**Exercise details**. Instruction for the data below: set down exactly the lines from the line with "sum_abs_height_change_le[OF seq fin] ." to the line with "m \<le> col_dist", inclusive, and no others.

**Exercise input**.
lemma sum_abs_height_change_le:
  assumes "recoloring_seq V E p k" "finite V"
  shows "(\<Sum>v\<in>V. \<bar>height p k v - height p 0 v\<bar>) \<le> int k"
proof -
  have "(\<Sum>v\<in>V. \<bar>height p k v - height p 0 v\<bar>)
      \<le> (\<Sum>v\<in>V. \<Sum>i<k. \<bar>col_lift (p i v) (p (Suc i) v)\<bar>)"
    unfolding height_def by (intro sum_mono) (simp add: sum_abs)
  also have "\<dots> = (\<Sum>i<k. \<Sum>v\<in>V. \<bar>col_lift (p i v) (p (Suc i) v)\<bar>)"
    by (rule sum.swap)
  also have "\<dots> = (\<Sum>i<k. 1)"
  proof (rule sum.cong[OF refl])
    fix i assume "i \<in> {..<k}"
    then have "col_adj V (p i) (p (Suc i))"
      using assms(1) unfolding recoloring_seq_def by simp
    then have "card (V \<inter> {v. p i v \<noteq> p (Suc i) v}) = 1"
      unfolding col_adj_def by (simp add: Collect_conj_eq)
    then show "(\<Sum>v\<in>V. \<bar>col_lift (p i v) (p (Suc i) v)\<bar>) = 1"
      using \<open>finite V\<close> by (simp add: abs_col_lift)
  qed
  finally show ?thesis by simp
qed

lemma height_change_eq_shift:
  assumes sg: "simple_graph V E" and "connected_graph V E" and seq: "recoloring_seq V E p k"
    and shift: "\<forall>v\<in>V. p k v = (p 0 v + w v) mod 3" and w: "\<forall>v\<in>V. w v \<in> {1, 2}"
  obtains j where "\<forall>v\<in>V. height p k v - height p 0 v = int (w v) + 3 * j"
proof (cases "V = {}")
  case False
  then obtain r where "r \<in> V" by blast
  have fin: "finite V" using sg unfolding simple_graph_def by simp
  define D where "D v = height p k v - height p 0 v - int (w v)" for v
  have D_dvd: "3 dvd D v" if "v \<in> V" for v
  proof -
    have "height p k v mod 3 = (height p 0 v + int (w v)) mod 3"
      using height_mod[OF seq order.refl that] shift that by (simp add: zmod_int)
    then show ?thesis unfolding D_def by (simp add: mod_eq_dvd_iff diff_diff_eq)
  qed
  have "D u = D v" if "u \<in> V" "v \<in> V" "adj E u v" for u v
  proof -
    have "\<bar>(height p k u - height p 0 u) - (height p k v - height p 0 v)\<bar> \<le> 1"
      using height_change_adjacent_close[OF seq fin that] .
    moreover have "w u \<in> {1, 2}" "w v \<in> {1, 2}" using w that(1,2) by auto
    then have "\<bar>int (w u) - int (w v)\<bar> \<le> 1" by auto
    ultimately have "\<bar>D u - D v\<bar> < 3" unfolding D_def by arith
    moreover have "3 dvd (D u - D v)" using D_dvd that(1,2) by simp
    ultimately show ?thesis using dvd_imp_le_int[of "D u - D v" 3] by fastforce
  qed
  then have "D v = D r" if "v \<in> V" for v
    using connected_graph_locally_constant[OF sg \<open>connected_graph V E\<close>] \<open>r \<in> V\<close> that by blast
  moreover obtain j where "D r = 3 * j" using D_dvd[OF \<open>r \<in> V\<close>] by blast
  ultimately have "\<forall>v\<in>V. D v = 3 * j" by simp
  then show ?thesis using that[of j] unfolding D_def by (simp add: algebra_simps)
qed (use that in simp)

lemma col_walk_length_ge:
  assumes sg: "simple_graph V E" and "connected_graph V E" and "col_walk V E k f g"
    and "\<forall>v\<in>V. g v = (f v + w v) mod 3" "\<forall>v\<in>V. w v \<in> {1, 2}"
  obtains j where "(\<Sum>v\<in>V. \<bar>int (w v) + 3 * j\<bar>) \<le> int k"
proof -
  have fin: "finite V" using sg unfolding simple_graph_def by simp
  obtain p where seq: "recoloring_seq V E p k" and "p 0 = f" "p k = g"
    using col_walk_recoloring_seq[OF assms(3)] .
  then obtain j where j: "\<forall>v\<in>V. height p k v - height p 0 v = int (w v) + 3 * j"
    using height_change_eq_shift[OF sg \<open>connected_graph V E\<close> seq] assms(4,5) by metis
  have "(\<Sum>v\<in>V. \<bar>int (w v) + 3 * j\<bar>) = (\<Sum>v\<in>V. \<bar>height p k v - height p 0 v\<bar>)"
    using j by simp
  also have "\<dots> \<le> int k" using sum_abs_height_change_le[OF seq fin] .
  finally show thesis by (rule that)
qed

lemma col_diam_ge_if_walks_long:
  assumes "f \<in> colorings3 V E" "g \<in> colorings3 V E" "\<And>k. col_walk V E k f g \<Longrightarrow> m \<le> k"
  shows "enat m \<le> col_diam V E"
proof -
  have "enat m \<le> col_dist V E f g"
    unfolding col_dist_def using assms(3) by (auto intro: INF_greatest)
  also have "\<dots> \<le> col_diam V E"
    unfolding col_diam_def using assms(1,2) by (intro SUP_upper2[OF assms(1)] SUP_upper)
  finally show ?thesis .
qed

lemma sum_abs_two_valued_ge:
  fixes w :: "'a \<Rightarrow> nat" and j :: int
  assumes "finite V" "S \<subseteq> V" "card S \<le> card (V - S)"
    and "\<forall>v\<in>S. w v = 1" "\<forall>v\<in>V - S. w v = 2"
  shows "int (2 * card S + card (V - S)) \<le> (\<Sum>v\<in>V. \<bar>int (w v) + 3 * j\<bar>)"
proof -
  have "(\<Sum>v\<in>V. \<bar>int (w v) + 3 * j\<bar>)
      = (\<Sum>v\<in>V - S. \<bar>int (w v) + 3 * j\<bar>) + (\<Sum>v\<in>S. \<bar>int (w v) + 3 * j\<bar>)"
    using sum.subset_diff[OF assms(2,1)] .
  also have "\<dots> = int (card (V - S)) * \<bar>2 + 3 * j\<bar> + int (card S) * \<bar>1 + 3 * j\<bar>"
    using assms(4,5) by simp
  finally have sum: "(\<Sum>v\<in>V. \<bar>int (w v) + 3 * j\<bar>)
      = int (card S) * \<bar>1 + 3 * j\<bar> + int (card (V - S)) * \<bar>2 + 3 * j\<bar>" by simp
  show ?thesis
  proof (cases "j = 0")
    case True
    then show ?thesis unfolding sum using assms(3) by simp
  next
    case False
    then have "2 \<le> \<bar>1 + 3 * j\<bar>" "1 \<le> \<bar>2 + 3 * j\<bar>" by presburger+
    then have "int (card S) * 2 \<le> int (card S) * \<bar>1 + 3 * j\<bar>"
      "int (card (V - S)) * 1 \<le> int (card (V - S)) * \<bar>2 + 3 * j\<bar>"
      by (intro mult_left_mono; simp)+
    then show ?thesis unfolding sum by simp
  qed
qed

theorem mainTheorem11:
  fixes V :: "'a set" and E :: "'a set set" and n :: nat
  assumes "tree V E" and "card V = n"
  shows "enat ((3 * n) div 2) \<le> col_diam V E"
proof -
  have sg: "simple_graph V E" and "connected_graph V E" and "acyclic_graph V E"
    using assms(1) unfolding tree_def by auto
  then have fin: "finite V" unfolding simple_graph_def by simp
  obtain S where S: "S \<subseteq> V" "card S = n div 2"
    using obtain_subset_with_card_n[of "n div 2" V] assms(2) by auto
  then have card_diff: "card (V - S) = n - n div 2"
    using card_Diff_subset fin assms(2) finite_subset by metis
  define w :: "'a \<Rightarrow> nat" where "w v = (if v \<in> S then 1 else 2)" for v
  obtain f g where fg: "f \<in> colorings3 V E" "g \<in> colorings3 V E" "\<forall>v\<in>V. g v = (f v + w v) mod 3"
    using shifted_colorings3_exist[OF sg \<open>acyclic_graph V E\<close>] by metis
  have w: "\<forall>v\<in>V. w v \<in> {1, 2}" by (simp add: w_def)
  show ?thesis
  proof (rule col_diam_ge_if_walks_long[OF fg(1,2)])
    fix k assume "col_walk V E k f g"
    then obtain j where j: "(\<Sum>v\<in>V. \<bar>int (w v) + 3 * j\<bar>) \<le> int k"
      using col_walk_length_ge[OF sg \<open>connected_graph V E\<close> _ fg(3) w] by blast
    have "(3 * n) div 2 = n + n div 2" by presburger
    then have "int ((3 * n) div 2) = int (2 * card S + card (V - S))"
      unfolding S(2) card_diff by simp
    also have "\<dots> \<le> (\<Sum>v\<in>V. \<bar>int (w v) + 3 * j\<bar>)"
      using fin S card_diff by (intro sum_abs_two_valued_ge) (auto simp: w_def)
    finally show "(3 * n) div 2 \<le> k" using j by linarith
  qed
qed

end
lemma (in hermitian_generator) formally_real: "formally_real_D K"
proof -
  obtain a b c where abc: "a \<in> Qeps" "b \<in> Qeps" "c \<in> Qeps" "Im a = 0" "Im b = 0" "Im c = 0"
    "dmul h (dmul h h) = hpoly a b c" using cube_real_coordinates by blast
  obtain rho where "rho ^ 3 = Re a * rho\<^sup>2 + Re b * rho + Re c" using real_cubic_root by blast
  then interpret real_character K h a b c rho
    using abc by unfold_locales auto
  show ?thesis by (rule formally_real)
qed

lemma (in stable_maximal_subfield) formally_real: "formally_real_D K"
proof -
  obtain h where "h \<in> K" "dstar h = h" "KF.independent scalars [dmul h h, h, done_D]"
    "KF.Span scalars [dmul h h, h, done_D] = K" using hermitian_basis by blast
  then interpret hermitian_generator K h by unfold_locales
  show ?thesis by (rule formally_real)
qed

theorem mainTheorem11:
  shows "(\<forall>K. maximal_subfield_D K \<and> dstar ` K \<subseteq> K \<longrightarrow> formally_real_D K)
    \<and> \<not> formally_real_D (carrier D)
    \<and> dstar d1 \<otimes>\<^bsub>D\<^esub> d1 \<oplus>\<^bsub>D\<^esub> dstar d2 \<otimes>\<^bsub>D\<^esub> d2 \<oplus>\<^bsub>D\<^esub> dstar d3 \<otimes>\<^bsub>D\<^esub> d3
        \<oplus>\<^bsub>D\<^esub> dstar d4 \<otimes>\<^bsub>D\<^esub> d4 = \<zero>\<^bsub>D\<^esub>"
proof (intro conjI allI impI)
  fix K assume "maximal_subfield_D K \<and> dstar ` K \<subseteq> K"
  then interpret stable_maximal_subfield K by unfold_locales auto
  show "formally_real_D K" by (rule formally_real)
next
  show "\<not> formally_real_D (carrier D)" by (rule D_not_formally_real)
next
  show "dstar d1 \<otimes>\<^bsub>D\<^esub> d1 \<oplus>\<^bsub>D\<^esub> dstar d2 \<otimes>\<^bsub>D\<^esub> d2 \<oplus>\<^bsub>D\<^esub> dstar d3 \<otimes>\<^bsub>D\<^esub> d3
        \<oplus>\<^bsub>D\<^esub> dstar d4 \<otimes>\<^bsub>D\<^esub> d4 = \<zero>\<^bsub>D\<^esub>"
    using norm_sum_zero by (simp add: dadd_eq dzero_eq)
qed

end
lemma addable_if_part_eq:
  assumes nu: "is_partition nu" and y0: "1 \<le> y0"
    and pr: "\<And>r. part nu r = part la r + (if r = y0 then 1 else 0)"
  shows "addable la y0"
proof -
  have "y0 \<le> length la + 1"
  proof (rule ccontr)
    assume "\<not> ?thesis"
    then have "length la < y0 - 1" "1 \<le> y0 - 1" by auto
    then have "part nu (y0 - 1) = 0" using pr part_beyond_length[of la "y0 - 1"] by auto
    moreover have "part nu y0 \<le> part nu (y0 - 1)" using part_mono[OF nu \<open>1 \<le> y0 - 1\<close>] by simp
    ultimately show False using pr by simp
  qed
  moreover have "y0 = 1 \<or> part la y0 < part la (y0 - 1)"
  proof (cases "y0 = 1")
    case False
    then have "1 \<le> y0 - 1" using y0 by simp
    then have "part nu y0 \<le> part nu (y0 - 1)" using part_mono[OF nu] by simp
    then show ?thesis using pr False y0 by (simp split: if_splits)
  qed simp
  ultimately show ?thesis using y0 by (simp add: addable_def)
qed

lemma mem_Ups_imp_addrow:
  assumes la: "is_partition la" and nu: "nu \<in> Ups la"
  shows "\<exists>y. addable la y \<and> nu = addrow la y"
proof -
  have nup: "is_partition nu" and sub: "cells la \<subseteq> cells nu" and c1: "card (cells nu - cells la) = 1"
    using nu by (auto simp: Ups_def)
  obtain x0 y0 where d: "cells nu - cells la = {(x0, y0)}" using c1 by (auto simp: card_Suc_eq)
  have cn: "cells nu = insert (x0, y0) (cells la)" and nin: "(x0, y0) \<notin> cells la"
    using d sub by auto
  note pr = part_of_cells_insert[OF cn nin]
  have "1 \<le> y0" using cn by (auto simp: cells_def)
  then have ad: "addable la y0" using addable_if_part_eq[OF nup _ pr] by blast
  have y: "1 \<le> y0" "y0 \<le> length la + 1" using ad by (auto simp: addable_def)
  have "nu = addrow la y0"
    by (rule partition_eqI[OF nup is_partition_addrow[OF la ad]]) (simp add: pr part_addrow[OF y])
  then show ?thesis using ad by blast
qed

lemma Ups_eq:
  assumes "is_partition la"
  shows "Ups la = addrow la ` {y. addable la y}"
  using mem_Ups_imp_addrow[OF assms] addrow_in_Ups[OF assms] by blast

lemma inj_on_addrow: "inj_on (addrow la) {y. addable la y}"
proof (rule inj_onI, rule ccontr)
  fix y1 y2 assume ad: "y1 \<in> {y. addable la y}" "y2 \<in> {y. addable la y}"
    and eq: "addrow la y1 = addrow la y2" and ne: "y1 \<noteq> y2"
  have "part (addrow la y1) y1 = part (addrow la y2) y1" using eq by simp
  then show False using ne ad by (simp add: addable_def part_addrow)
qed

lemma part_delrow:
  assumes "is_partition la" "removable la z"
  shows "part (delrow la z) r = part la r - (if r = z then 1 else 0)"
proof -
  have z: "1 \<le> z" "z \<le> length la" "part la (z + 1) < part la z" using assms(2) by (auto simp: removable_def)
  show ?thesis
  proof (cases "part la z = 1")
    case True
    have "z = length la"
    proof (rule ccontr)
      assume "z \<noteq> length la"
      then have "z + 1 \<le> length la" using z by simp
      then have "0 < part la (z + 1)" using part_pos[OF assms(1)] by simp
      then show False using z True by simp
    qed
    then show ?thesis using True z by (auto simp: delrow_def part_def min_def)
  next
    case False
    then show ?thesis using z by (auto simp: delrow_def part_def nth_list_update)
  qed
qed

**Problem solution**.
  also have "\<dots> \<le> int k" using sum_abs_height_change_le[OF seq fin] .
  finally show thesis by (rule that)
qed

lemma col_diam_ge_if_walks_long:
  assumes "f \<in> colorings3 V E" "g \<in> colorings3 V E" "\<And>k. col_walk V E k f g \<Longrightarrow> m \<le> k"
  shows "enat m \<le> col_diam V E"
proof -
  have "enat m \<le> col_dist V E f g"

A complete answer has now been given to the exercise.